そのうち手術が必要と判っていた胃のポリープ切除の日が決まった。
血液検査もあるので栄養のバランスを考え食事を作ったが、入院二日前からぱたっと食欲が落ちてしまった。

家の周囲の草刈り、畑の手入れ、留守の間の諸手続きを済ませ、あわただしく入院。

手術前夜の食事は消化の良いもの少々。
手術当日は水も駄目、ドクターに全幅の信頼で手術に向かう。

目が覚めたら終わっており、一時間半経っていた。
切除のポリープを見せられ、この所、無気力だった原因がそれだったかと奇妙な安心感に浸った。
家を出る前「葬儀は無宗教で簡単に、墓石に戒名は不要、名前の一字(尚)を」と太筆で書き置いて来たが不要となった。
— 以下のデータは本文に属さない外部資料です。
lemma refl_seq_side_parity:
  fixes \<sigma> :: "real^'n^'n"
  assumes W: "reflection_group W"
    and C: "connected C" "C \<subseteq> hyperplane_complement W" "x0 \<in> C"
    and walls: "\<forall>i\<in>I. r i \<in> W \<and> is_reflection (r i) \<and> is_wall_reflection C (r i)"
    and w: "set w \<subseteq> I"
    and \<sigma>: "\<sigma> \<in> W" "is_reflection \<sigma>" "reflection_along a v \<sigma>"
  shows "j \<le> length w \<Longrightarrow> (a \<bullet> (word_eval r (take j w) *v x0) > 0 \<longleftrightarrow> a \<bullet> x0 > 0)
           \<longleftrightarrow> even (card {k. k < j \<and> refl_seq r w k = \<sigma>})"
proof (induction j)
  case 0
  then show ?case by simp
next
  case (Suc j)
  then have j: "j < length w" by simp
  define u where "u = word_eval r (take j w)"
  have u: "u \<in> W" unfolding u_def
    using word_eval_in_group[OF W] walls w by (meson in_set_takeD subsetD)
  have inv_w: "\<forall>i\<in>set w. r i ** r i = mat 1" using w walls is_reflection_involution by blast
  have letter: "r (w ! j) \<in> W" "is_reflection (r (w ! j))" "is_wall_reflection C (r (w ! j))"
    using walls w j nth_mem by blast+
  show ?case
  proof (cases "refl_seq r w j = \<sigma>")
    case True
    have "word_eval r (take (Suc j) w) = \<sigma> ** u"
      using refl_seq_mult_prefix[OF inv_w j] True unfolding u_def by simp
    then have "a \<bullet> (word_eval r (take (Suc j) w) *v x0) = - (a \<bullet> (u *v x0))"
      using reflection_along_inner_apply[OF \<sigma>(3)] by (simp flip: matrix_vector_mul_assoc)
    moreover have "a \<bullet> (u *v x0) \<noteq> 0"
      using hyperplane_complement_functional_nonzero[OF _ \<sigma>] hyperplane_complement_invariant[OF W _ u] C
      by blast
    ultimately show ?thesis using Suc True unfolding card_less_Suc_Collect u_def by auto
  next
    case False
    then have "u ** r (w ! j) ** matrix_inv u \<noteq> \<sigma>" unfolding refl_seq_def u_def .
    then have "a \<bullet> (u *v x0) > 0 \<longleftrightarrow> a \<bullet> (word_eval r (take (Suc j) w) *v x0) > 0"
      unfolding word_eval_take_Suc[OF j] u_def[symmetric] by (rule wall_crossing_preserves_side[OF W C letter u \<sigma>])
    then show ?thesis using Suc False unfolding card_less_Suc_Collect u_def by auto
  qed
qed

theorem proposition4p9:
  fixes W :: "(real^'n^'n) set" and I :: "'i set" and r :: "'i \<Rightarrow> real^'n^'n"
    and w :: "'i list" and \<sigma> :: "real^'n^'n"
  assumes "reflection_group W"
    and "simple_reflections W I r"
    and "minimal_word I r w"
    and "\<sigma> \<in> W" and "is_reflection \<sigma>"
    and "\<sigma> \<in> r ` I"
    and "is_reflection (word_eval r w)"
    and "word_eval r w ** \<sigma> = \<sigma> ** word_eval r w"
    and "word_eval r w \<noteq> \<sigma>"
  shows "occurrences r w \<sigma> = 0"
proof -
  obtain C where C: "is_chamber W C"
    and walls: "r ` I = {s\<in>W. is_reflection s \<and> is_wall_reflection C s}"
    using assms(2) unfolding simple_reflections_def by blast
  then obtain x0 where x0: "x0 \<in> hyperplane_complement W"
    "C = connected_component_set (hyperplane_complement W) x0"
    unfolding is_chamber_def by blast
  then have C_props: "connected C" "C \<subseteq> hyperplane_complement W" "x0 \<in> C"
    by (auto simp: connected_component_subset connected_component_refl)
  obtain a v where \<sigma>: "reflection_along a v \<sigma>" using is_reflection_along[OF assms(5)] .
  have walls': "\<forall>i\<in>I. r i \<in> W \<and> is_reflection (r i) \<and> is_wall_reflection C (r i)"
    using walls by blast
  have w: "set w \<subseteq> I" using assms(3) unfolding minimal_word_def by blast
  have "a \<bullet> (word_eval r w *v x0) = a \<bullet> x0"
    using commuting_reflection_preserves_functional[OF \<sigma> assms(7-9)] .
  then have "even (occurrences r w \<sigma>)"
    using refl_seq_side_parity[OF assms(1) C_props walls' w assms(4,5) \<sigma>, of "length w"]
    unfolding occurrences_def by simp
  moreover have "occurrences r w \<sigma> \<le> 1"
    using minimal_word_occurrences_le_1[OF _ assms(3)] walls' is_reflection_involution by blast
  ultimately show ?thesis by (cases "occurrences r w \<sigma>") auto
qed

end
朝から点滴の連続、ゆっくりゆっくり落ちる滴をながめるだけの時は長い。
やがて日没、消灯となり、途端に同室三名の寝息が始まった。
平素寝つきの悪い私は羨ましく感じつつ、やはり寝られない。日付が変わる頃、空腹故かお腹が痛み始めた。

横になると痛い、座っていると楽、同室の年配女性達の鼾(いびき)が素晴らしい。活力に満ちている。
入口の私の名札に自力歩行とあったが、他の人は名前だけだったので、不便なお身体の皆さんの筈だが…
正統派鼾、さざ波から怒涛に変わるの繰り返しのタイプ。お経のような鼾、等々、一人一人でも様々なバージョンの鼾を発するのだ、と面白がっているうちに痛みがやわらぎ、眠りに落ちた。

先日テレビで観たスロベニアの湖のほとりのレストラン、四年前に行った時と同じコース料理が並んでいる。美味しいよと輝いている。
「私は白のドライ」
とワインを注いでもらい乾杯の手を伸ばしかけて(胃の手術を受けたばかりで飲食は駄目なんだ!)と思った瞬間、隣のベッドの特大鼾で目が覚めた。(夢なら味わっておけば良かったのに…)
朝になっても少しだけお腹のチクチクはあったが昼食の流動食を頂いたら全て痛みが消え去った。
私のお腹は不思議の塊だと苦笑だ。

ドクター始め、病院の皆さんのおかげで順調に回復。
予定通りの退院で帰宅したら、畑の収穫が待っていた。

夏の間水やりを続けた茗荷と豆がいっぱい。

茂みに分け入り、大量に収穫、差し上げる為友人宅をバイクで廻り、久しぶりの大しゃべり、楽しい一週間でもりもり元気になった。